For convenience, read the entire presence matrix (for Homo sapiens) into a sparse matrix. There is a convenience function providing this capability:
presence_matrix <- get_presence_matrix(census, "Homo sapiens", "RNA")
print(dim(presence_matrix))
#> NULL
We also need the var
dataframe, which is read into an R data frame for convenient manipulation:
var_df <- as.data.frame(human_rna$var$read()$concat())
print(var_df)
#> soma_joinid feature_id feature_name feature_length nnz n_measured_obs
#> 1 0 ENSG00000000003 TSPAN6 4530 4530448 73855064
#> 2 1 ENSG00000000005 TNMD 1476 236059 61201828
#> 3 2 ENSG00000000419 DPM1 9276 17576462 74159149
#> 4 3 ENSG00000000457 SCYL3 6883 9117322 73988868
#> 5 4 ENSG00000000460 C1orf112 5970 6287794 73636201
#> 6 5 ENSG00000000938 FGR 3382 5667858 74061500
#> 7 6 ENSG00000000971 CFH 15284 4423029 74095467
#> 8 7 ENSG00000001036 FUCA2 2822 10129388 73988868
#> 9 8 ENSG00000001084 GCLC 8618 12662710 74226365
#> 10 9 ENSG00000001167 NFYA 6209 4866873 73988868
#> 11 10 ENSG00000001460 STPG1 8511 6138613 74132995
#> 12 11 ENSG00000001461 NIPAL3 9396 13079400 74197924
#> 13 12 ENSG00000001497 LAS1L 12555 10716777 73858963
#> 14 13 ENSG00000001561 ENPP4 4644 9509567 74091113
#> 15 14 ENSG00000001617 SEMA3F 4826 2055855 72941475
#> 16 15 ENSG00000001626 CFTR 16821 5419122 71475983
#> [ reached 'max' / getOption("max.print") -- omitted 60514 rows ]

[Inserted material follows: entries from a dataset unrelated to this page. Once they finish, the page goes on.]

(* Let $n\in\mathbb{N}$ and $\beta>1$. Then $R_{\mathcal{S}^*_{Ne,n}}(\mathcal{M}_n(\beta))=(3\beta-2)^{-1/n}$, and the result is sharp for $f(z)=z(1-z^n)^{2(\beta-1)/n}$.
   Context: $\mathbb{D}=\{|z|<1\}$, $\mathbb{D}_r=\{|z|<r\}$. For $n\in\mathbb{N}$, $\mathcal{A}_n$ is the class of analytic functions on $\mathbb{D}$ of the form $f(z)=z+\sum_{k\ge n+1}a_kz^k$; for such $f$ let $\mathcal{Q}_f(z)=zf'(z)/f(z)$. For $\beta>1$, $\mathcal{M}_n(\beta)=\{f\in\mathcal{A}_n:\mathrm{Re}\,\mathcal{Q}_f(z)<\beta,\ z\in\mathbb{D}\}$ (equivalently $\mathcal{Q}_f\prec\frac{1+(1-2\beta)z^n}{1-z^n}$). Let $\varphi_{Ne}(z)=1+z-z^3/3$ (univalent on $\mathbb{D}$), $\Omega_{Ne}=\varphi_{Ne}(\mathbb{D})$, $\mathcal{S}^*_{Ne}$ the set of $f$ ($f(0)=0,f'(0)=1$) with $\mathcal{Q}_f\prec\varphi_{Ne}$ (subordination: $\mathcal{Q}_f=\varphi_{Ne}\circ w$, $w:\mathbb{D}\to\mathbb{D}$ analytic, $w(0)=0$), $\mathcal{S}^*_{Ne,n}=\mathcal{S}^*_{Ne}\cap\mathcal{A}_n$. For $\mathcal{G}\subset\mathcal{A}_n$, $R_{\mathcal{S}^*_{Ne,n}}(\mathcal{G})$ is the largest $\rho\in(0,1]$ such that $\mathcal{Q}_f(\mathbb{D}_\rho)\subseteq\Omega_{Ne}$ for all $f\in\mathcal{G}$. Sharpness means the stated $f$ lies in $\mathcal{M}_n(\beta)$ and $\mathcal{Q}_f(\partial\mathbb{D}_\rho)\cap\partial\Omega_{Ne}\ne\emptyset$. *)

theory Defs
  imports "HOL-Analysis.Analysis"
begin

definition A_class :: "nat \<Rightarrow> (complex \<Rightarrow> complex) set" where
  "A_class n = {f. f holomorphic_on ball 0 1 \<and>
     (\<exists>a::nat \<Rightarrow> complex. a 0 = 0 \<and> a 1 = 1 \<and> (\<forall>k. 2 \<le> k \<and> k \<le> n \<longrightarrow> a k = 0) \<and>
        (\<forall>z \<in> ball 0 1. (\<lambda>k. a k * z ^ k) sums f z))}"

text \<open>Q_f z = z f'(z) / f(z), with its removable value 1 at the origin.\<close>
definition Qf :: "(complex \<Rightarrow> complex) \<Rightarrow> complex \<Rightarrow> complex" where
  "Qf f z = (if z = 0 then 1 else z * deriv f z / f z)"

definition M_class :: "nat \<Rightarrow> real \<Rightarrow> (complex \<Rightarrow> complex) set" where
  "M_class n \<beta> = {f \<in> A_class n. (\<forall>z \<in> ball 0 1. z \<noteq> 0 \<longrightarrow> f z \<noteq> 0) \<and>
                     (\<forall>z \<in> ball 0 1. Re (Qf f z) < \<beta>)}"

definition phiNe :: "complex \<Rightarrow> complex" where
  "phiNe z = 1 + z - z ^ 3 / 3"

definition OmegaNe :: "complex set" where
  "OmegaNe = phiNe ` ball 0 1"

definition radius_Ne :: "(complex \<Rightarrow> complex) set \<Rightarrow> real" where
  "radius_Ne G = (GREATEST \<rho>. \<rho> \<in> {0<..1} \<and> (\<forall>f \<in> G. Qf f ` ball 0 \<rho> \<subseteq> OmegaNe))"

end

theory Submission
  imports Defs "HOL-Complex_Analysis.Complex_Analysis"
begin

text \<open>For f in M_n(beta), the function p = Q_f - 1 vanishes to order n at 0 and has
  Re p < beta - 1, so p/(2 beta - 2 - p) maps the disc into itself with a zero of order n.
  The Schwarz lemma for such maps gives |Q_f(z) - 1| <= (2 beta - 2) r^n / (1 - r^n) on |z| = r,
  which is below 2/3 exactly when r^n < 1/(3 beta - 2); and the disc of radius 2/3 about 1 lies
  in Omega_Ne. Conversely, the extremal function has Q_f(z) = 1 - 2(beta - 1) z^n/(1 - z^n), which
  takes the value 1/3 at z = (3 beta - 2)^(-1/n), and 1/3 = phi_Ne(-1) is a boundary point of
  Omega_Ne not attained inside.\<close>

lemma powser_eq_partial_sum_plus_power_mult:
  fixes a :: "nat \<Rightarrow> complex"
  assumes sums: "\<forall>z \<in> ball 0 1. (\<lambda>k. a k * z ^ k) sums f z"
  obtains G where "G holomorphic_on ball 0 1"
    and "\<And>z. z \<in> ball 0 1 \<Longrightarrow> f z = (\<Sum>k<m. a k * z ^ k) + z ^ m * G z"
proof -
  define c where "c k = a (k + m)" for k
  have summable_c: "summable (\<lambda>k. c k * z ^ k)" if "norm z < 1" for z :: complex
  proof (cases "z = 0")
    case False
    have "summable (\<lambda>k. a k * z ^ k)"
      using sums that by (auto intro: sums_summable)
    then have "summable (\<lambda>k. a (k + m) * z ^ (k + m) * (1 / z ^ m))"
      by (intro summable_mult2 summable_ignore_initial_segment)
    also have "(\<lambda>k. a (k + m) * z ^ (k + m) * (1 / z ^ m)) = (\<lambda>k. c k * z ^ k)"
      using False by (auto simp: c_def power_add)
    finally show ?thesis .
  qed (simp add: summable_0_powser)
  define G where "G z = (\<Sum>k. c k * z ^ k)" for z
  have "G holomorphic_on ball 0 1"
    unfolding holomorphic_on_open[OF open_ball] G_def
    using termdiffs_strong'[of 1 c] summable_c by (metis dist_0_norm mem_ball)
  moreover have "f z = (\<Sum>k<m. a k * z ^ k) + z ^ m * G z" if z: "z \<in> ball 0 1" for z
  proof -
    have "(\<lambda>k. a (k + m) * z ^ (k + m)) sums (f z - (\<Sum>k<m. a k * z ^ k))"
      using sums z sums_iff_shift[of "\<lambda>k. a k * z ^ k" m] by simp
    moreover have "(\<lambda>k. z ^ m * (c k * z ^ k)) sums (z ^ m * G z)"
      unfolding G_def using summable_c[of z] z by (intro sums_mult summable_sums) auto
    ultimately have "f z - (\<Sum>k<m. a k * z ^ k) = z ^ m * G z"
      by (simp add: c_def power_add mult_ac sums_unique2)
    then show ?thesis by (simp add: algebra_simps)
  qed
  ultimately show ?thesis using that by blast
qed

Identifying genes measured in a specific dataset
Now that we have the dataset table, the genes metadata table, and the dataset presence matrix, we can check if a gene or set of genes were measured in a specific dataset.

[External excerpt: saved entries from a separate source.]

lemma spiked_or_truncated_not_aEFX:
  fixes alg :: "real list \<Rightarrow> real list \<Rightarrow> nat" and n :: nat and \<epsilon> X :: real
  assumes agents: "\<forall>p vs. alg p vs < n" and "3 \<le> n" and "0 < a" and "a \<le> 1" and "0 < \<epsilon>"
    and spike_large: "2 * real n \<le> a * X" and total_small: "(real (2*n - 2) + X) * \<epsilon> \<le> a / 4"
  shows "\<not> is_aEFX a n (spiked_valuation n \<epsilon> X) (online_alloc alg p (spiked_valuation n \<epsilon> X)) \<or>
    (\<exists>j<n - 1. \<not> is_aEFX a n (truncated_valuation n \<epsilon> j)
                         (online_alloc alg p (truncated_valuation n \<epsilon> j)))"
proof -
  define v where "v = spiked_valuation n \<epsilon> X"
  define f where "f t = alg p (take (Suc t) v)" for t
  have "0 < a * X"
    using spike_large \<open>3 \<le> n\<close> by linarith
  then have "0 < X"
    using \<open>0 < a\<close> by (simp add: zero_less_mult_iff)
  have "\<forall>t. f t < n" and "n < 2*n - 2"
    using agents \<open>3 \<le> n\<close> unfolding f_def by auto
  then show ?thesis
  proof (cases rule: agent_collision_cases)
    case (early i j)
    have "take (Suc t) (truncated_valuation n \<epsilon> j) = take (Suc t) v" if "t \<le> j" for t
      unfolding v_def using that \<open>j < n - 1\<close> by (rule take_truncated_valuation_eq_spiked)
    then have collision:
      "alg p (take (Suc i) (truncated_valuation n \<epsilon> j)) = alg p (take (Suc j) (truncated_valuation n \<epsilon> j))"
      using \<open>f i = f j\<close> \<open>i < j\<close> unfolding f_def by simp
    have "0 < X * \<epsilon>"
      using \<open>0 < X\<close> \<open>0 < \<epsilon>\<close> by simp
    then have "real (2*n - 2) * \<epsilon> \<le> 1"
      using total_small \<open>a \<le> 1\<close> unfolding distrib_right by linarith
    then have "\<not> is_aEFX a n (truncated_valuation n \<epsilon> j) (online_alloc alg p (truncated_valuation n \<epsilon> j))"
      by (rule truncated_not_aEFX_if_collision[OF agents \<open>0 < a\<close> \<open>0 < \<epsilon>\<close> _ \<open>i < j\<close> \<open>j < n - 1\<close> collision])
    then show ?thesis
      using \<open>j < n - 1\<close> by blast
  next
    case (spike s)
    have "(real (2*n - 2) + X) * \<epsilon> \<le> 1"
      using total_small \<open>a \<le> 1\<close> by linarith
    then have "\<not> is_aEFX a n v (online_alloc alg p v)"
      unfolding v_def
      using agents \<open>3 \<le> n\<close> \<open>0 < a\<close> \<open>0 < \<epsilon>\<close> \<open>0 < X\<close> spike_large spike
      by (intro spiked_not_aEFX_if_spike_shared[where s = s]) (simp_all add: f_def v_def)
    then show ?thesis
      unfolding v_def ..
  next
    case (last s)
    have "\<not> is_aEFX a n v (online_alloc alg p v)"
      unfolding v_def
      using agents \<open>3 \<le> n\<close> \<open>0 < a\<close> \<open>a \<le> 1\<close> \<open>0 < \<epsilon>\<close> \<open>0 < X\<close> total_small last
      by (intro spiked_not_aEFX_if_last_good_shared[where s = s]) (simp_all add: f_def v_def)
    then show ?thesis
      unfolding v_def ..
  qed
qed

Important: the presence matrix is indexed by soma_joinid
, and is NOT positionally indexed. In other words:
- the first dimension of the presence matrix is the dataset’s
soma_joinid
, as stored in thecensus_datasets
dataframe. - the second dimension of the presence matrix is the feature’s
soma_joinid
, as stored in thevar
dataframe.
The presence matrix has a method $take()
that lets you slice it by soma_joinid
s from census_datasets
and var
. And the full presence matrix, or slices of it, can then be exported to a regular matrix with the method $get_one_based_matrix()
Let’s find out if the the gene "ENSG00000286096"

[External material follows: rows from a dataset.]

(* Let $p\ge 2$, let $\boldsymbol{S}$ be a $p\times p$ symmetric positive semidefinite matrix, let $\rho>0$, and let $k$ be an integer with $0\le k\le \binom{p}{2}$. For positive definite $\boldsymbol{\Sigma}$ put $f(\boldsymbol{\Sigma})=\ln\det\boldsymbol{\Sigma}+\mathrm{tr}(\boldsymbol{\Sigma}^{-1}\boldsymbol{S})$ and $h_\rho(\boldsymbol{\Sigma})=f(\boldsymbol{\Sigma})+\frac{\rho}{2}\mathrm{dist}(\boldsymbol{\Sigma},\mathcal{C})^2$, where $\mathcal{C}=\{\boldsymbol{A}\in\mathbb{R}^{p\times p}:\boldsymbol{A}=\boldsymbol{A}^T,\ \|\boldsymbol{A}\|_0\le 2k+p\}$ and $\mathrm{dist}$ is Frobenius distance. Let $\boldsymbol{\Sigma}_k\succ\boldsymbol{0}$, let $\boldsymbol{\Theta}_k\in P_{\mathcal{C}}(\boldsymbol{\Sigma}_k)$, and let $\widehat{\boldsymbol{\Sigma}}$ be the unique solution of the Sylvester equation $$\rho\,\widehat{\boldsymbol{\Sigma}}+\boldsymbol{\Sigma}_k^{-1}\widehat{\boldsymbol{\Sigma}}\boldsymbol{\Sigma}_k^{-1}=\rho\,\boldsymbol{\Theta}_k+\boldsymbol{\Sigma}_k^{-1}\boldsymbol{S}\boldsymbol{\Sigma}_k^{-1}.$$ If $\boldsymbol{\Sigma}_k$ is not a stationary point of $h_\rho$, then there exists an integer $s\ge 0$ such that $\boldsymbol{\Sigma}_{k+1}=\boldsymbol{\Sigma}_k+2^{-s}(\widehat{\boldsymbol{\Sigma}}-\boldsymbol{\Sigma}_k)$ satisfies $\boldsymbol{\Sigma}_{k+1}\succ\boldsymbol{0}$ and $h_\rho(\boldsymbol{\Sigma}_{k+1})<h_\rho(\boldsymbol{\Sigma}_k)$.
   Context: $\|\boldsymbol{A}\|_0$ is the number of nonzero entries of $\boldsymbol{A}$. $P_{\mathcal{C}}(\boldsymbol{\Sigma})$ denotes the (possibly multi-valued) set of Frobenius-nearest points of $\mathcal{C}$ to $\boldsymbol{\Sigma}$ (obtained by keeping the diagonal and the $k$ largest-magnitude upper-triangular entries, mirrored symmetrically, and zeroing the rest). $\widehat{\boldsymbol{\Sigma}}$ is the minimizer of the quadratic surrogate $q_\rho(\boldsymbol{\Sigma}\mid\boldsymbol{\Sigma}_k)=f(\boldsymbol{\Sigma}_k)+\mathrm{tr}[\boldsymbol{\Sigma}_k^{-1}(\boldsymbol{\Sigma}-\boldsymbol{\Sigma}_k)]-\mathrm{tr}[\boldsymbol{\Sigma}_k^{-1}\boldsymbol{S}\boldsymbol{\Sigma}_k^{-1}(\boldsymbol{\Sigma}-\boldsymbol{\Sigma}_k)]+\frac12\mathrm{tr}[\boldsymbol{\Sigma}_k^{-1}(\boldsymbol{\Sigma}-\boldsymbol{\Sigma}_k)\boldsymbol{\Sigma}_k^{-1}(\boldsymbol{\Sigma}-\boldsymbol{\Sigma}_k)]+\frac{\rho}{2}\|\boldsymbol{\Sigma}-\boldsymbol{\Theta}_k\|_F^2$. A positive definite $\boldsymbol{\Sigma}$ is called a stationary point of $h_\rho$ if $\boldsymbol{\Sigma}^{-1}-\boldsymbol{\Sigma}^{-1}\boldsymbol{S}\boldsymbol{\Sigma}^{-1}+\rho(\boldsymbol{\Sigma}-\boldsymbol{\Theta})=\boldsymbol{0}$ for some $\boldsymbol{\Theta}\in P_{\mathcal{C}}(\boldsymbol{\Sigma})$. *)

theory Defs
  imports "HOL-Analysis.Analysis"
begin

type_synonym 'n mat = "real^'n^'n"

definition sym_mat :: "'n::finite mat \<Rightarrow> bool" where
  "sym_mat A \<longleftrightarrow> transpose A = A"

definition pos_def :: "'n::finite mat \<Rightarrow> bool" where
  "pos_def A \<longleftrightarrow> sym_mat A \<and> (\<forall>x::real^'n. x \<noteq> 0 \<longrightarrow> x \<bullet> (A *v x) > 0)"

definition pos_semidef :: "'n::finite mat \<Rightarrow> bool" where
  "pos_semidef A \<longleftrightarrow> sym_mat A \<and> (\<forall>x::real^'n. x \<bullet> (A *v x) \<ge> 0)"

definition nnz :: "'n::finite mat \<Rightarrow> nat" where
  "nnz A = card {(i,j). A$i$j \<noteq> 0}"

definition frob :: "'n::finite mat \<Rightarrow> real" where
  "frob A = sqrt (\<Sum>i\<in>UNIV. \<Sum>j\<in>UNIV. (A$i$j)^2)"

definition frob_dist :: "'n::finite mat \<Rightarrow> 'n mat \<Rightarrow> real" where
  "frob_dist A B = frob (A - B)"

definition C_set :: "nat \<Rightarrow> 'n::finite mat set" where
  "C_set k = {A. sym_mat A \<and> nnz A \<le> 2*k + CARD('n)}"

definition dist_C :: "nat \<Rightarrow> 'n::finite mat \<Rightarrow> real" where
  "dist_C k S = (INF A\<in>C_set k. frob_dist S A)"

definition proj_C :: "nat \<Rightarrow> 'n::finite mat \<Rightarrow> 'n mat set" where
  "proj_C k S = {T \<in> C_set k. \<forall>A\<in>C_set k. frob_dist S T \<le> frob_dist S A}"

definition f_obj :: "'n::finite mat \<Rightarrow> 'n mat \<Rightarrow> real" where
  "f_obj S Sig = ln (det Sig) + trace (matrix_inv Sig ** S)"

definition h_obj :: "nat \<Rightarrow> real \<Rightarrow> 'n::finite mat \<Rightarrow> 'n mat \<Rightarrow> real" where
  "h_obj k \<rho> S Sig = f_obj S Sig + \<rho> / 2 * (dist_C k Sig)^2"

definition stationary :: "nat \<Rightarrow> real \<Rightarrow> 'n::finite mat \<Rightarrow> 'n mat \<Rightarrow> bool" where
  "stationary k \<rho> S Sig \<longleftrightarrow> pos_def Sig \<and>
     (\<exists>T\<in>proj_C k Sig. matrix_inv Sig - matrix_inv Sig ** S ** matrix_inv Sig
                        + \<rho> *\<^sub>R (Sig - T) = 0)"

end

theory Submission
  imports Defs
begin

text \<open>
  Let \<open>A\<close> be the inverse of \<open>Sk\<close>, \<open>D = Shat - Sk\<close> and \<open>G = A - A S A + \<rho> (Sk - Tk)\<close>.
  \<open>G\<close> is the gradient at \<open>Sk\<close> of the surrogate \<open>g = f + \<rho>/2 \<parallel>_ - Tk\<parallel>\<^sup>2\<close>, which
  majorises \<open>h\<^sub>\<rho>\<close> because \<open>Tk \<in> C\<close> and agrees with it at \<open>Sk\<close> because \<open>Tk\<close> is a nearest
  point. The Sylvester equation reads \<open>\<rho> D + A D A = - G\<close>. The map \<open>X \<mapsto> \<rho> X + A X A\<close> is
  positive definite for the trace inner product, since \<open>tr (X\<^sup>T A X A)\<close> is the trace of a product
  of two positive semidefinite matrices; so the equation has unique solutions, which makes \<open>Shat\<close>
  symmetric, and \<open>D \<noteq> 0\<close> because \<open>G \<noteq> 0\<close> away from stationary points. Hence the derivative
  of \<open>g\<close> along \<open>D\<close>, namely \<open>tr (G D) = - \<rho> \<parallel>D\<parallel>\<^sup>2 - tr (D A D A)\<close>, is negative; it is computed
  with Jacobi's formula for \<open>ln det\<close> and the resolvent identity for the inverse. So \<open>g\<close>, and with
  it \<open>h\<^sub>\<rho>\<close>, strictly decreases for all small steps along \<open>D\<close>, among them some \<open>2\<^sup>-\<^sup>s\<close>
  small enough to keep \<open>Sk + 2\<^sup>-\<^sup>s D\<close> positive definite.
\<close>

section \<open>Matrix identities\<close>

lemma matrix_mul_add_rdistrib: "((A::'a::semiring_1^'n^'m) + B) ** C = A ** C + B ** C"
  by (simp add: matrix_matrix_mult_def vec_eq_iff distrib_right sum.distrib)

was measured in the dataset with id "97a17473-e2b1-4f31-a544-44a60773e2dd"
.
# Get soma_joinid for datasets and genes of interest
var_joinid <- var_df$soma_joinid[var_df$feature_id == "ENSG00000286096"]
dataset_joinid <- datasets_df$soma_joinid[datasets_df$dataset_id == "97a17473-e2b1-4f31-a544-44a60773e2dd"]
# Slice presence matrix with datasets and genes of interest
presence_matrix_slice <- presence_matrix$take(i = dataset_joinid, j = var_joinid)
# Convert presence matrix to regular matrix
presence_matrix_slice <- presence_matrix_slice$get_one_based_matrix()
# Find how if the gene is present in this dataset
is_present <- presence_matrix_slice[, , drop = TRUE]
cat(paste("Feature is", if (is_present) "present." else "not present."))
#> Feature is present.
Identifying datasets that measured specific genes
Similarly, we can determine the datasets that measured a specific gene or set of genes.
# Grab the feature's soma_joinid from the var dataframe
var_joinid <- var_df$soma_joinid[var_df$feature_id == "ENSG00000286096"]
# The presence matrix is indexed by the joinids of the dataset and var dataframes,
# so slice out the feature of interest by its joinid.
presence_matrix_slice <- presence_matrix$take(j = var_joinid)$get_one_based_matrix()
measured_datasets <- presence_matrix_slice[, , drop = TRUE] != 0
dataset_joinids <- datasets_df$soma_joinid[measured_datasets]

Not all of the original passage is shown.